**** Excerpted data ****

sublocale polar_brauer \<subseteq> assoc_bilinear cmp
  using model unfolding polar_brauer_model_def by unfold_locales auto

context polar_brauer
begin

lemma smul_one: "smul 1 x = x"
proof -
  have "module smul"
    using model unfolding polar_brauer_model_def by blast
  then show ?thesis
    by (rule module.scale_one)
qed

lemma act_act:
  "is_brauer B \<Longrightarrow> is_brauer C \<Longrightarrow> act (act x B) C = act x (brauer_tensor B C)"
  using model unfolding polar_brauer_model_def by blast

lemma commutator_H01_H02_plus_H12:
  "commutator cmp (pb_H01 act H) (pb_H02 cmp act I0 H + pb_H12 \<delta> smul act I0) = 0"
  using model unfolding polar_brauer_model_def by blast

lemma pb_Ir_1: "pb_Ir act I0 1 = act I0 bI"
  unfolding pb_Ir_def bId_1 ..

lemma cmp_pole_diagrams:
  assumes "is_brauer A" "is_brauer B" "btgt A = bsrc B"
  shows "cmp (act I0 B) (act I0 A) = smul (\<delta> ^ brauer_loops B A) (act I0 (brauer_comp B A))"
  using model assms unfolding polar_brauer_model_def by blast

lemma cmp_pole_diagrams_no_loops:
  assumes "is_brauer A" "is_brauer B" "btgt A = bsrc B" "brauer_loops B A = 0"
  shows "cmp (act I0 B) (act I0 A) = act I0 (brauer_comp B A)"
  using cmp_pole_diagrams[OF assms(1-3)] assms(4) by (simp add: smul_one)

lemma cmp_H_diagram_left_no_loops:
  assumes "is_brauer A" "is_brauer B" "btgt A = bsrc B" "brauer_loops B A = 0"
  shows "cmp (act H B) (act (act I0 bI) A) = act H (brauer_comp B A)"
  using model assms unfolding polar_brauer_model_def pb_Ir_1 by (simp add: smul_one)

lemma cmp_H_diagram_right_no_loops:
  assumes "is_brauer A" "is_brauer B" "btgt A = bsrc B" "brauer_loops B A = 0"
  shows "cmp (act (act I0 bI) B) (act H A) = act H (brauer_comp B A)"
  using model assms unfolding polar_brauer_model_def pb_Ir_1 by (simp add: smul_one)

lemma pb_Ir_2: "pb_Ir act I0 2 = act (act I0 bI) bI"
  using act_act[OF is_brauer_bI is_brauer_bI] by (simp add: pb_Ir_def bId_2_tensor del: bId.simps)

lemma cmp_X0_X0: "cmp (pb_X0 act I0) (pb_X0 act I0) = pb_Ir act I0 2"
  unfolding pb_X0_def pb_Ir_def
  by (simp add: cmp_pole_diagrams_no_loops is_brauer_bX brauer_loops_bX_bX brauer_comp_bX_bX)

****

The expected response reproduces all of the data precisely.

sublocale polar_brauer \<subseteq> assoc_bilinear cmp
  using model unfolding polar_brauer_model_def by unfold_locales auto

context polar_brauer
begin

lemma smul_one: "smul 1 x = x"
proof -
  have "module smul"
    using model unfolding polar_brauer_model_def by blast
  then show ?thesis
    by (rule module.scale_one)
qed

lemma act_act:
  "is_brauer B \<Longrightarrow> is_brauer C \<Longrightarrow> act (act x B) C = act x (brauer_tensor B C)"
  using model unfolding polar_brauer_model_def by blast

lemma commutator_H01_H02_plus_H12:
  "commutator cmp (pb_H01 act H) (pb_H02 cmp act I0 H + pb_H12 \<delta> smul act I0) = 0"
  using model unfolding polar_brauer_model_def by blast

lemma pb_Ir_1: "pb_Ir act I0 1 = act I0 bI"
  unfolding pb_Ir_def bId_1 ..

lemma cmp_pole_diagrams:
  assumes "is_brauer A" "is_brauer B" "btgt A = bsrc B"
  shows "cmp (act I0 B) (act I0 A) = smul (\<delta> ^ brauer_loops B A) (act I0 (brauer_comp B A))"
  using model assms unfolding polar_brauer_model_def by blast

lemma cmp_pole_diagrams_no_loops:
  assumes "is_brauer A" "is_brauer B" "btgt A = bsrc B" "brauer_loops B A = 0"
  shows "cmp (act I0 B) (act I0 A) = act I0 (brauer_comp B A)"
  using cmp_pole_diagrams[OF assms(1-3)] assms(4) by (simp add: smul_one)

lemma cmp_H_diagram_left_no_loops:
  assumes "is_brauer A" "is_brauer B" "btgt A = bsrc B" "brauer_loops B A = 0"
  shows "cmp (act H B) (act (act I0 bI) A) = act H (brauer_comp B A)"
  using model assms unfolding polar_brauer_model_def pb_Ir_1 by (simp add: smul_one)

lemma cmp_H_diagram_right_no_loops:
  assumes "is_brauer A" "is_brauer B" "btgt A = bsrc B" "brauer_loops B A = 0"
  shows "cmp (act (act I0 bI) B) (act H A) = act H (brauer_comp B A)"
  using model assms unfolding polar_brauer_model_def pb_Ir_1 by (simp add: smul_one)

lemma pb_Ir_2: "pb_Ir act I0 2 = act (act I0 bI) bI"
  using act_act[OF is_brauer_bI is_brauer_bI] by (simp add: pb_Ir_def bId_2_tensor del: bId.simps)

lemma cmp_X0_X0: "cmp (pb_X0 act I0) (pb_X0 act I0) = pb_Ir act I0 2"
  unfolding pb_X0_def pb_Ir_def
  by (simp add: cmp_pole_diagrams_no_loops is_brauer_bX brauer_loops_bX_bX brauer_comp_bX_bX)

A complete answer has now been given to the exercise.